Approximately 50% of patients respond to high doses of vitamin B6, also known as pyridoxine. This vitamin is a ‘co-factor’ in methionine metabolism, which means that it is involved in the natural processing of methionine. Supplementation must continue over the long term in those who respond to treatment. Responders to vitamin B6 supplements are also advised to limit their dietary intake of protein.

Non-responders to vitamin B6 are treated with a low-methionine diet. Started early, the diet can reduce the risk of complications and the impact of intellectual disability. It must continue for the individual’s lifetime, and should only begin after consultation with a dietician. Methionine restriction is achieved by limiting the intake of natural proteins in the diet. To prevent malnutrition of other amino acids, a methionine-free amino acid formula is taken. There is a range of general methionine-free powders formulated to meet the nutritional needs of individuals of various ages. These contain a balanced mix of essential and non-essential amino acids, vitamins and minerals, with minimal carbohydrates. Special low-protein food products are also available. 

Most individuals with homocystinuria also require treatment with a drug called trimethylglycine, or betaine. This converts homocysteine to methionine, thus reducing levels of homocysteine in the body. However, this treatment is not suitable for infants.
For some people, supplementation with folic acid and/or vitamin B12 is useful. Like vitamin B6, these are co-factors in methionine metabolism so help correct the abnormal processing. Adding the amino acid cysteine to the diet can also be useful.

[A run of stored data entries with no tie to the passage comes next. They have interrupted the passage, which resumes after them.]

lemma NA_near_fst_component:
  fixes F G :: "'m::metric_space \<Rightarrow> 'y::real_normed_vector"
    and T :: "'y \<Rightarrow> 'y1::real_normed_vector \<times> 'y2::real_normed_vector"
  assumes T: "absolute_sum_decomp T N" and "F \<in> Lip0 p0" and "\<And>x. snd (T (F x)) = 0"
    and "G \<in> NA p0"
  obtains h where "h \<in> NA p0" and "lipnorm ((\<lambda>x. fst (T (F x))) - h) \<le> 4 * lipnorm (F - G)"
proof -
  note lin = absolute_sum_decomp_components(1,2)[OF T, THEN bounded_linear.linear]
  note contraction = absolute_sum_decomp_components(3,4)[OF T]
  have "G \<in> Lip0 p0"
    using \<open>G \<in> NA p0\<close> by (simp add: NA_def)
  then have "F - G \<in> Lip0 p0"
    using \<open>F \<in> Lip0 p0\<close> by (rule Lip0_diff[rotated])
  define f g1 where "f = (\<lambda>x. fst (T (F x)))" and "g1 = (\<lambda>x. fst (T (G x)))"
  obtain h where "h \<in> NA p0" and "lipnorm (g1 - h) \<le> 3 * lipnorm (\<lambda>x. snd (T (G x)))"
    using NA_near_fst_of_NA[OF T \<open>G \<in> NA p0\<close>] unfolding g1_def by blast
  have "f - g1 = (\<lambda>x. fst (T ((F - G) x)))" and "(\<lambda>x. snd (T (G x))) = (\<lambda>x. - snd (T ((F - G) x)))"
    using \<open>\<And>x. snd (T (F x)) = 0\<close>
    by (simp_all add: fun_eq_iff f_def g1_def linear_diff[OF lin(1)] linear_diff[OF lin(2)])
  moreover have "lipnorm (\<lambda>x. fst (T ((F - G) x))) \<le> lipnorm (F - G)"
    by (rule Lip0_compose_contraction(2)[OF \<open>F - G \<in> Lip0 p0\<close> lin(1) contraction(1)])
  moreover have "lipnorm (\<lambda>x. - snd (T ((F - G) x))) \<le> lipnorm (F - G)"
    using contraction(2)
    by (intro Lip0_compose_contraction(2)[OF \<open>F - G \<in> Lip0 p0\<close> linear_compose_neg[OF lin(2)]]) simp
  ultimately have "lipnorm (f - g1) \<le> lipnorm (F - G)" and "lipnorm (\<lambda>x. snd (T (G x))) \<le> lipnorm (F - G)"
    by simp_all
  moreover have "lipnorm (f - h) \<le> lipnorm (f - g1) + lipnorm (g1 - h)"
  proof (rule lipnorm_diff_triangle)
    show "f \<in> Lip0 p0"
      unfolding f_def by (rule Lip0_compose_contraction(1)[OF \<open>F \<in> Lip0 p0\<close> lin(1) contraction(1)])
    show "g1 \<in> Lip0 p0"
      unfolding g1_def by (rule Lip0_compose_contraction(1)[OF \<open>G \<in> Lip0 p0\<close> lin(1) contraction(1)])
    show "h \<in> Lip0 p0"
      using \<open>h \<in> NA p0\<close> by (simp add: NA_def)
  qed
  ultimately have "lipnorm (f - h) \<le> 4 * lipnorm (F - G)"
    using \<open>lipnorm (g1 - h) \<le> 3 * lipnorm (\<lambda>x. snd (T (G x)))\<close> by linarith
  then show ?thesis
    using that[OF \<open>h \<in> NA p0\<close>] unfolding f_def by blast
qed
text \<open>M^[a,b] = prod_{s=a}^b M^(s) (identity if a > b).\<close>
definition mat_interval :: "(nat \<Rightarrow> 'v set set) \<Rightarrow> nat \<Rightarrow> nat \<Rightarrow> 'v::finite \<Rightarrow> 'v \<Rightarrow> real" where
  "mat_interval M a b = mat_prod_from M a (Suc b - a)"

definition mat_row_set :: "('v \<Rightarrow> 'v \<Rightarrow> real) \<Rightarrow> 'v \<Rightarrow> 'v set \<Rightarrow> real" where
  "mat_row_set A u D = (\<Sum>v\<in>D. A u v)"

text \<open>A configuration is a placement \<open>w :: 't \<Rightarrow> 'v\<close> of the (distinguishable) tokens on
  the nodes; the load of node u is \<open>card {i. w i = u}\<close>.
  For a matched edge e = {u,v} we take u = Min e (the paper's "node u").\<close>
definition urn_draw :: "'v::linorder set \<Rightarrow> ('t::finite \<Rightarrow> 'v) \<Rightarrow> 't set pmf" where
  "urn_draw e w =
     (let U = {i. w i \<in> e}; n = card U in
      bind_pmf (bernoulli_pmf (1/2)) (\<lambda>b.
        let k = (if b then (n + 1) div 2 else n div 2) in
        pmf_of_set {S. S \<subseteq> U \<and> card S = k}))"

definition matched_edge :: "'v set set \<Rightarrow> 'v \<Rightarrow> 'v set" where
  "matched_edge Mt x = (THE e. e \<in> Mt \<and> x \<in> e)"

definition step_pmf :: "'v::{finite,linorder} set set \<Rightarrow> ('t::finite \<Rightarrow> 'v) \<Rightarrow> ('t \<Rightarrow> 'v) pmf" where
  "step_pmf Mt w =
     map_pmf (\<lambda>S i. if \<exists>e\<in>Mt. w i \<in> e
                      then (let e = matched_edge Mt (w i) in if i \<in> S e then Min e else Max e)
                      else w i)
             (Pi_pmf Mt {} (\<lambda>e. urn_draw e w))"

text \<open>Distribution of the placement after n further rounds, starting from placement w0
  at the end of round t1 (rounds t1+1, ..., t1+n use matchings M (t1+1), ..., M (t1+n)).\<close>
fun run_pmf :: "(nat \<Rightarrow> 'v::{finite,linorder} set set) \<Rightarrow> nat \<Rightarrow> ('t::finite \<Rightarrow> 'v) \<Rightarrow> nat \<Rightarrow> ('t \<Rightarrow> 'v) pmf" where
  "run_pmf M t1 w0 0 = return_pmf w0"
| "run_pmf M t1 w0 (Suc n) = bind_pmf (run_pmf M t1 w0 n) (step_pmf (M (t1 + Suc n)))"

definition config_at :: "(nat \<Rightarrow> 'v::{finite,linorder} set set) \<Rightarrow> nat \<Rightarrow> ('t::finite \<Rightarrow> 'v) \<Rightarrow> nat \<Rightarrow> ('t \<Rightarrow> 'v) pmf" where
  "config_at M t1 w0 t2 = run_pmf M t1 w0 (t2 - t1)"

end

(*
  On a matched edge holding n tokens, one endpoint receives a uniformly random subset of size
  ceil(n/2) or floor(n/2), each with probability 1/2. For a uniform k-subset S of a 2k-set and
  a, b >= 0, the product over T of (a if i is in S, b otherwise) has expectation at most
  ((a + b)/2)^|T|: double counting the pairs (S, y) in which S separates y from a fixed x in T
  reduces the claim to a (2k-2)-set, at the cost of a factor ab <= ((a + b)/2)^2. The odd case
  follows by adding a dummy token. Since the urns of different edges are independent, one round
  satisfies E[prod_i h(w_i')] <= prod_i (M h)(w_i) for every h >= 0, and iterating over the rounds
  gives E[prod_i h(w_i^(t2))] <= prod_i (M^[t1+1,t2] h)(w_i^(t1)). Taking h the indicator of D gives
  the inequality; for a single token, the bounds for D and its complement add up to 1, so both
  are equalities.
*)

theory Submission
  imports Defs
begin

section \<open>Uniform k-subsets\<close>

definition ksubsets :: "'a set \<Rightarrow> nat \<Rightarrow> 'a set set" where
  "ksubsets W k = {S. S \<subseteq> W \<and> card S = k}"

definition subset_weight :: "'a set \<Rightarrow> real \<Rightarrow> real \<Rightarrow> 'a set \<Rightarrow> real" where
  "subset_weight T a b S = (\<Prod>i\<in>T. if i \<in> S then a else b)"

definition weight_sum :: "'a set \<Rightarrow> nat \<Rightarrow> 'a set \<Rightarrow> real \<Rightarrow> real \<Rightarrow> real" where
  "weight_sum W k T a b = (\<Sum>S\<in>ksubsets W k. subset_weight T a b S)"

lemma finite_ksubsets [simp]: "finite W \<Longrightarrow> finite (ksubsets W k)"
  by (simp add: ksubsets_def)

lemma card_ksubsets: "finite W \<Longrightarrow> card (ksubsets W k) = card W choose k"
  by (simp add: ksubsets_def n_subsets)

lemma subset_weight_nonneg: "0 \<le> a \<Longrightarrow> 0 \<le> b \<Longrightarrow> 0 \<le> subset_weight T a b S"
  unfolding subset_weight_def by (intro prod_nonneg) auto

lemma subset_weight_cong:
  "(\<And>i. i \<in> T \<Longrightarrow> i \<in> S \<longleftrightarrow> i \<in> S') \<Longrightarrow> subset_weight T a b S = subset_weight T a b S'"
  unfolding subset_weight_def by (intro prod.cong) auto

lemma subset_weight_remove:
  "finite T \<Longrightarrow> x \<in> T \<Longrightarrow>
     subset_weight T a b S = (if x \<in> S then a else b) * subset_weight (T - {x}) a b S"
  unfolding subset_weight_def by (rule prod.remove)

lemma central_binomial_Suc:
  "Suc k * (2 * Suc k choose Suc k) = 2 * (2 * k + 1) * (2 * k choose k)"
proof -
  have sym: "(2 * k + 1 choose k) = (2 * k + 1 choose Suc k)"
    using binomial_symmetric[of "Suc k" "2 * k + 1"] by simp
  have "Suc k * (2 * Suc k choose Suc k) = (2 * k + 2) * (2 * k + 1 choose Suc k)"
    using Suc_times_binomial_eq[of "2 * k + 1" k] sym by (simp add: mult.commute)
  also have "\<dots> = 2 * ((2 * k + 1 choose Suc k) * Suc k)" by simp
  also have "\<dots> = 2 * ((2 * k + 1) * (2 * k choose k))"
    using Suc_times_binomial_eq[of "2 * k" k] by simp
  finally show ?thesis by simp
qed

lemma ksubsets_separating:
  assumes "finite W" "x \<in> W" "y \<in> W" "x \<noteq> y"
  shows "{S \<in> ksubsets W (Suc k). (x \<in> S) \<noteq> (y \<in> S)}
           = insert x ` ksubsets (W - {x, y}) k \<union> insert y ` ksubsets (W - {x, y}) k"
proof (intro set_eqI iffI)
  fix S assume S: "S \<in> {S \<in> ksubsets W (Suc k). (x \<in> S) \<noteq> (y \<in> S)}"
  then have "finite S" using assms(1) by (auto simp: ksubsets_def intro: finite_subset)
  then consider "x \<in> S" "S - {x} \<in> ksubsets (W - {x, y}) k"
    | "y \<in> S" "S - {y} \<in> ksubsets (W - {x, y}) k"
    using S by (auto simp: ksubsets_def)
  then show "S \<in> insert x ` ksubsets (W - {x, y}) k \<union> insert y ` ksubsets (W - {x, y}) k"
  proof cases
    case 1
    then have "S = insert x (S - {x})" by auto
    with 1 show ?thesis by blast
  next
    case 2
    then have "S = insert y (S - {y})" by auto
    with 2 show ?thesis by blast
  qed
next
  fix S assume "S \<in> insert x ` ksubsets (W - {x, y}) k \<union> insert y ` ksubsets (W - {x, y}) k"
  then obtain S0 where S0: "S0 \<in> ksubsets (W - {x, y}) k" "S = insert x S0 \<or> S = insert y S0"
    by blast
  moreover have "finite S0" using S0(1) assms(1) by (auto simp: ksubsets_def intro: finite_subset)
  moreover have "x \<notin> S0" "y \<notin> S0" using S0(1) by (auto simp: ksubsets_def)
  ultimately show "S \<in> {S \<in> ksubsets W (Suc k). (x \<in> S) \<noteq> (y \<in> S)}"
    using assms by (auto simp: ksubsets_def)
qed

Individuals with homocystinuria may also require therapy for the complications of this disease, for example lens replacement surgery and osteoporosis treatment.

Although no cure exists for homocystinuria, long-term treatment to reduce homocysteine levels significantly reduces the risk of life-threatening vascular events. A benefit is seen even if homocysteine levels do not return fully to normal levels.